# WHAT YOU HAVE TO DO:
All lines of the listing that contain "when" should be shown in full.

# EXTRACTED DATA:
(* Let $n\ge 3$ and let $(u,v)$ be an MAB pair of binary words with $|u|=|v|=n$, $i=\mathrm{lsb}(u,v)$, $j=\mathrm{lsb}(v,u)$ and $i+j>n$. Write $u=\alpha\gamma\beta$ and $v=\beta'\gamma'\alpha'$ with $|\alpha|=|\alpha'|=n-i$, $|\gamma|=|\gamma'|=i+j-n$ and $|\beta|=|\beta'|=n-j$. Then: (1) $\big||\alpha|_c-|\alpha'|_c\big|=1$ for all $c\in\{a,b\}$ if and only if $\big||\beta|_c-|\beta'|_c\big|=1$ for all $c\in\{a,b\}$; (2) $\big||\beta|_c-|\beta'|_c\big|=1$ for all $c\in\{a,b\}$ if and only if $i+j-n=1$.
   Context: Let $\Sigma=\{a,b\}$. For a word $w$ and a letter $c$, $|w|_c$ denotes the number of occurrences of $c$ in $w$. Two words $x,y$ are abelian equivalent, written $x\sim_{\mathrm{abl}}y$, if $|x|_c=|y|_c$ for all $c\in\Sigma$. For words $u,v$: a pair $(x,y)$ is an internal abelian-border of $(u,v)$ if $x$ is a nonempty proper suffix of $u$, $y$ is a proper prefix of $v$, and $x\sim_{\mathrm{abl}}y$; it is an external abelian-border of $(u,v)$ if $x$ is a nonempty proper prefix of $u$, $y$ is a proper suffix of $v$, and $x\sim_{\mathrm{abl}}y$. The pair $(u,v)$ is mutually abelian-bordered (MAB) if it has both an internal and an external abelian-border, and mutually abelian-unbordered (MAU) if it has neither. If $(u,v)$ has an internal abelian-border, $\mathrm{sb}(u,v)$ denotes its internal abelian-border $(x,y)$ of minimal length and $\mathrm{lsb}(u,v)=|x|$ is that minimal length. *)

theory Defs
  imports "HOL-Library.Sublist"
begin

datatype letter = a | b

definition abel_eq :: "letter list \<Rightarrow> letter list \<Rightarrow> bool" where
  "abel_eq x y \<longleftrightarrow> (\<forall>c. count_list x c = count_list y c)"

definition internal_border :: "letter list \<Rightarrow> letter list \<Rightarrow> letter list \<Rightarrow> letter list \<Rightarrow> bool" where
  "internal_border u v x y \<longleftrightarrow>
     x \<noteq> [] \<and> strict_suffix x u \<and> strict_prefix y v \<and> abel_eq x y"

definition external_border :: "letter list \<Rightarrow> letter list \<Rightarrow> letter list \<Rightarrow> letter list \<Rightarrow> bool" where
  "external_border u v x y \<longleftrightarrow>
     x \<noteq> [] \<and> strict_prefix x u \<and> strict_suffix y v \<and> abel_eq x y"

definition has_internal_border :: "letter list \<Rightarrow> letter list \<Rightarrow> bool" where
  "has_internal_border u v \<longleftrightarrow> (\<exists>x y. internal_border u v x y)"

definition has_external_border :: "letter list \<Rightarrow> letter list \<Rightarrow> bool" where
  "has_external_border u v \<longleftrightarrow> (\<exists>x y. external_border u v x y)"

definition MAB :: "letter list \<Rightarrow> letter list \<Rightarrow> bool" where
  "MAB u v \<longleftrightarrow> has_internal_border u v \<and> has_external_border u v"

text \<open>Length of the shortest internal abelian-border (meaningful when one exists).\<close>
definition lsb :: "letter list \<Rightarrow> letter list \<Rightarrow> nat" where
  "lsb u v = (LEAST k. \<exists>x y. internal_border u v x y \<and> length x = k)"

end

(* Let d(m) = imbalance u v m be the number of a's in the length-m suffix of u minus that
   in the length-m prefix of v, and d'(m) = imbalance v u m.  Abelian borders of length m are
   exactly the zeros of d, so i and j are the least positive zeros of d and d'.  Since a prefix
   and the complementary suffix make up the whole word, d(n - m) = d'(m) + \<delta> with
   \<delta> = |u|_a - |v|_a; hence |\<beta>|_a - |\<beta>'|_a = d(n - j) and |\<alpha>|_a - |\<alpha>'|_a = -d'(n - i)
   both equal \<delta>, which is nonzero as n - j < i.  Across the overlap, t \<mapsto> d'(j - t) walks
   in unit steps from 0 to -\<delta> in i + j - n steps, and minimality of i and j keeps it away from
   0 and -\<delta> strictly in between; when |\<delta>| = 1 this is only possible in a single step.  Over
   {a, b} the b-counts differ by the negatives of the a-counts, so the letter a suffices. *)

theory Submission
  imports Defs
begin

lemma count_list_a_add_b: "count_list xs a + count_list xs b = length xs"
proof (induction xs)
  case (Cons x xs)
  then show ?case by (cases x) auto
qed simp

lemma abel_eq_length: "abel_eq x y \<Longrightarrow> length x = length y"
  unfolding abel_eq_def by (metis count_list_a_add_b)

lemma abel_eq_iff_count_a:
  "length x = length y \<Longrightarrow> abel_eq x y \<longleftrightarrow> count_list x a = count_list y a"
  unfolding abel_eq_def by (metis add_left_cancel count_list_a_add_b letter.exhaust)

lemma abs_count_diff_eq_one_iff:
  assumes "length x = length y"
  shows "(\<forall>c. \<bar>int (count_list x c) - int (count_list y c)\<bar> = 1) \<longleftrightarrow>
         \<bar>int (count_list x a) - int (count_list y a)\<bar> = 1"
proof -
  have "int (count_list x b) - int (count_list y b) = - (int (count_list x a) - int (count_list y a))"
    using count_list_a_add_b[of x] count_list_a_add_b[of y] assms by linarith
  then show ?thesis by (metis abs_minus_cancel letter.exhaust)
qed

lemma has_internal_border_if_external: "has_external_border u v \<Longrightarrow> has_internal_border v u"
  unfolding has_external_border_def has_internal_border_def external_border_def internal_border_def
  by (metis abel_eq_def abel_eq_length length_0_conv)

definition imbalance :: "letter list \<Rightarrow> letter list \<Rightarrow> nat \<Rightarrow> int" where
  "imbalance u v m = int (count_list (drop (length u - m) u) a) - int (count_list (take m v) a)"

lemma internal_border_of_length_iff:
  assumes "length u = length v"
  shows "(\<exists>x y. internal_border u v x y \<and> length x = m) \<longleftrightarrow>
         0 < m \<and> m < length u \<and> imbalance u v m = 0"
proof
  assume "\<exists>x y. internal_border u v x y \<and> length x = m"
  then obtain x y where "internal_border u v x y" and m: "length x = m" by blast
  then have ab: "abel_eq x y" and "x \<noteq> []" and sx: "strict_suffix x u" and py: "strict_prefix y v"
    unfolding internal_border_def by auto
  obtain zs where u_split: "u = zs @ x" and "zs \<noteq> []"
    using sx unfolding strict_suffix_def suffix_def by auto
  obtain ws where v_split: "v = y @ ws" using py unfolding strict_prefix_def prefix_def by auto
  have "length y = m" using abel_eq_length[OF ab] m by simp
  then have "x = drop (length u - m) u" "y = take m v" using u_split v_split m by simp_all
  then show "0 < m \<and> m < length u \<and> imbalance u v m = 0"
    using ab abel_eq_iff_count_a \<open>x \<noteq> []\<close> \<open>zs \<noteq> []\<close> u_split m \<open>length y = m\<close>
    by (auto simp: imbalance_def)
next
  assume m: "0 < m \<and> m < length u \<and> imbalance u v m = 0"
  let ?x = "drop (length u - m) u" and ?y = "take m v"
  have "abel_eq ?x ?y" using m assms abel_eq_iff_count_a[of ?x ?y] by (simp add: imbalance_def)
  moreover have "strict_suffix ?x u"
    using m unfolding strict_suffix_def by (auto simp: suffix_drop dest: arg_cong[of _ _ length])
  moreover have "strict_prefix ?y v"
    using m assms unfolding strict_prefix_def by (auto simp: take_is_prefix dest: arg_cong[of _ _ length])
  ultimately have "internal_border u v ?x ?y" using m unfolding internal_border_def by auto
  then show "\<exists>x y. internal_border u v x y \<and> length x = m" using m by auto
qed

lemma lsb_eq_Least:
  "length u = length v \<Longrightarrow> lsb u v = (LEAST m. 0 < m \<and> m < length u \<and> imbalance u v m = 0)"
  unfolding lsb_def using internal_border_of_length_iff by presburger

lemma lsb_imbalance:
  assumes "has_internal_border u v" and "length u = length v"
  shows "0 < lsb u v \<and> lsb u v < length u \<and> imbalance u v (lsb u v) = 0"
proof -
  obtain x y where "internal_border u v x y"
    using assms(1) unfolding has_internal_border_def by blast
  then have "0 < length x \<and> length x < length u \<and> imbalance u v (length x) = 0"
    using internal_border_of_length_iff[OF assms(2)] by blast
  then show ?thesis unfolding lsb_eq_Least[OF assms(2)] by (rule LeastI)
qed

lemma imbalance_nonzero_below_lsb:
  assumes "has_internal_border u v" and "length u = length v" and "0 < m" and "m < lsb u v"
  shows "imbalance u v m \<noteq> 0"
proof -
  have "m < length u" using lsb_imbalance[OF assms(1,2)] assms(4) by simp
  then show ?thesis
    using not_less_Least[of m "\<lambda>m. 0 < m \<and> m < length u \<and> imbalance u v m = 0"] assms
    by (auto simp: lsb_eq_Least)
qed

lemma imbalance_complement:
  assumes "length u = n" and "length v = n" and "m \<le> n"
  shows "imbalance u v (n - m) = imbalance v u m + (int (count_list u a) - int (count_list v a))"
proof -
  have "int (count_list (take k w) a) + int (count_list (drop k w) a) = int (count_list w a)" for k w
    by (metis append_take_drop_id count_list_append of_nat_add)
  then show ?thesis using assms unfolding imbalance_def by (simp add: algebra_simps)
qed

lemma abs_imbalance_Suc_le:
  assumes "length u = length v" and "m < length u"
  shows "\<bar>imbalance u v (Suc m) - imbalance u v m\<bar> \<le> 1"
proof -
  have "drop (length u - Suc m) u = u ! (length u - Suc m) # drop (length u - m) u"
    using assms(2) Cons_nth_drop_Suc[of "length u - Suc m" u] by (simp add: Suc_diff_Suc)
  moreover have "take (Suc m) v = take m v @ [v ! m]"
    using assms by (simp add: take_Suc_conv_app_nth)
  ultimately show ?thesis unfolding imbalance_def by auto
qed

lemma unit_step_walk_revisits:
  fixes h :: "nat \<Rightarrow> int"
  assumes step: "\<And>t. t < k \<Longrightarrow> \<bar>h (Suc t) - h t\<bar> \<le> 1"
    and start: "h 0 = 0" and final: "\<bar>h k\<bar> = 1" and "2 \<le> k"
  shows "\<exists>t. 0 < t \<and> t < k \<and> (h t = 0 \<or> h t = h k)"
proof (cases "h 1 = 0 \<or> h 1 = h k")
  case True
  then show ?thesis using \<open>2 \<le> k\<close> by auto
next
  case False
  then have h1: "h 1 = - h k" using step[of 0] start final \<open>2 \<le> k\<close> by auto
  define g where "g t = h k * h t" for t
  have "\<bar>g (Suc t) - g t\<bar> \<le> 1" if "t < k" for t
    using step[OF that] final by (simp add: g_def abs_mult flip: right_diff_distrib)
  moreover have "h k * h k = 1" using final abs_mult_self_eq[of "h k"] by simp
  then have "g 1 = -1" "g k = 1" using h1 by (simp_all add: g_def)
  ultimately obtain t where "1 \<le> t" "t \<le> k" "g t = 0"
    using nat_intermed_int_val[of 1 k g 0] \<open>2 \<le> k\<close> by auto
  then have "h t = 0" using final by (auto simp: g_def)
  moreover have "t \<noteq> k" using \<open>h t = 0\<close> final by auto
  ultimately show ?thesis using \<open>1 \<le> t\<close> \<open>t \<le> k\<close> by (intro exI[of _ t]) auto
qed

lemma imbalance_complement_lsb:
  assumes "has_internal_border v u" and "length u = n" and "length v = n"
  shows "imbalance u v (n - lsb v u) = int (count_list u a) - int (count_list v a)"
  using imbalance_complement[OF assms(2,3), of "lsb v u"] lsb_imbalance[OF assms(1)] assms(2,3)
  by simp

lemma abs_count_diff_eq_one_iff_overlap_one:
  assumes hi: "has_internal_border u v" and hj: "has_internal_border v u"
    and u: "length u = n" and v: "length v = n" and overlap: "n < lsb u v + lsb v u"
  shows "\<bar>int (count_list u a) - int (count_list v a)\<bar> = 1 \<longleftrightarrow> lsb u v + lsb v u - n = 1"
proof -
  define i j where "i = lsb u v" and "j = lsb v u"
  define k where "k = i + j - n"
  have "n < i + j" using overlap by (simp add: i_def j_def)
  define \<delta> where "\<delta> = int (count_list u a) - int (count_list v a)"
  have i: "0 < i" "i < n" and j: "0 < j" "j < n"
    using lsb_imbalance[OF hi] lsb_imbalance[OF hj] u v by (simp_all add: i_def j_def)
  have "imbalance u v (n - j) \<noteq> 0"
    using imbalance_nonzero_below_lsb[OF hi] u v overlap j by (simp add: i_def j_def)
  then have "\<delta> \<noteq> 0" using imbalance_complement_lsb[OF hj u v] by (simp add: j_def \<delta>_def)
  define h where "h t = imbalance v u (j - t)" for t
  have h0: "h 0 = 0" using lsb_imbalance[OF hj] u v by (simp add: h_def j_def)
  have hk: "h k = - \<delta>"
    using imbalance_complement_lsb[OF hi v u] overlap by (simp add: h_def \<delta>_def i_def j_def k_def)
  have h_step: "\<bar>h (Suc t) - h t\<bar> \<le> 1" if "t < k" for t
  proof -
    have "j - t = Suc (j - Suc t)" "j - Suc t < length v" using that k_def i j v by auto
    then show ?thesis
      using abs_imbalance_Suc_le[of v u "j - Suc t"] u v by (simp add: h_def abs_minus_commute)
  qed
  have h_avoids: "h t \<noteq> 0 \<and> h t \<noteq> - \<delta>" if "0 < t" "t < k" for t
  proof -
    have "imbalance v u (j - t) \<noteq> 0"
      using imbalance_nonzero_below_lsb[OF hj, of "j - t", folded j_def] that i u v k_def by auto
    moreover have "imbalance u v (n - (j - t)) \<noteq> 0"
      using imbalance_nonzero_below_lsb[OF hi, of "n - (j - t)", folded i_def] that j u v k_def
      by auto
    ultimately show ?thesis
      using imbalance_complement[OF u v, of "j - t"] j by (simp add: h_def \<delta>_def)
  qed
  have "\<bar>\<delta>\<bar> = 1 \<longleftrightarrow> k = 1"
  proof (cases "k = 1")
    case True
    then show ?thesis using h_step[of 0] h0 hk \<open>\<delta> \<noteq> 0\<close> by auto
  next
    case False
    then have "2 \<le> k" using \<open>n < i + j\<close> k_def by simp
    then show ?thesis using unit_step_walk_revisits[of k h] h_step h0 hk h_avoids False by fastforce
  qed
  then show ?thesis by (simp add: \<delta>_def k_def i_def j_def)
qed

theorem mainTheorem5:
  fixes u v \<alpha> \<gamma> \<beta> \<alpha>' \<gamma>' \<beta>' :: "letter list" and n i j :: nat
  assumes "n \<ge> 3"
    and "MAB u v"
    and "length u = n" and "length v = n"
    and "i = lsb u v" and "j = lsb v u"
    and "i + j > n"
    and "u = \<alpha> @ \<gamma> @ \<beta>" and "v = \<beta>' @ \<gamma>' @ \<alpha>'"
    and "length \<alpha> = n - i" and "length \<alpha>' = n - i"
    and "length \<gamma> = i + j - n" and "length \<gamma>' = i + j - n"
    and "length \<beta> = n - j" and "length \<beta>' = n - j"
  shows "((\<forall>c. \<bar>int (count_list \<alpha> c) - int (count_list \<alpha>' c)\<bar> = 1) \<longleftrightarrow>
          (\<forall>c. \<bar>int (count_list \<beta> c) - int (count_list \<beta>' c)\<bar> = 1))
       \<and> ((\<forall>c. \<bar>int (count_list \<beta> c) - int (count_list \<beta>' c)\<bar> = 1) \<longleftrightarrow> i + j - n = 1)"
proof -
  have hi: "has_internal_border u v" and hj: "has_internal_border v u"
    using assms(2) has_internal_border_if_external unfolding MAB_def by auto
  have "i < n" "j < n" using lsb_imbalance[OF hi] lsb_imbalance[OF hj] assms(3-6) by auto
  have "imbalance u v (n - j) = int (count_list \<beta> a) - int (count_list \<beta>' a)"
    using assms(3,8,9,14,15) by (simp add: imbalance_def)
  moreover have "imbalance v u (n - i) = int (count_list \<alpha>' a) - int (count_list \<alpha> a)"
    using assms(4,8-11) \<open>i < n\<close> by (simp add: imbalance_def)
  ultimately have
    "int (count_list \<alpha> a) - int (count_list \<alpha>' a) = int (count_list u a) - int (count_list v a)"
    "int (count_list \<beta> a) - int (count_list \<beta>' a) = int (count_list u a) - int (count_list v a)"
    using imbalance_complement_lsb[OF hj assms(3,4)] imbalance_complement_lsb[OF hi assms(4,3)]
    by (simp_all add: assms(5,6))
  then show ?thesis
    using abs_count_diff_eq_one_iff[of \<alpha> \<alpha>'] abs_count_diff_eq_one_iff[of \<beta> \<beta>']
      abs_count_diff_eq_one_iff_overlap_one[OF hi hj assms(3,4)] assms(5-7,10,11,14,15)
    by simp
qed

end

# YOUR SOLUTION:
text \<open>Length of the shortest internal abelian-border (meaningful when one exists).\<close>
   0 and -\<delta> strictly in between; when |\<delta>| = 1 this is only possible in a single step.  Over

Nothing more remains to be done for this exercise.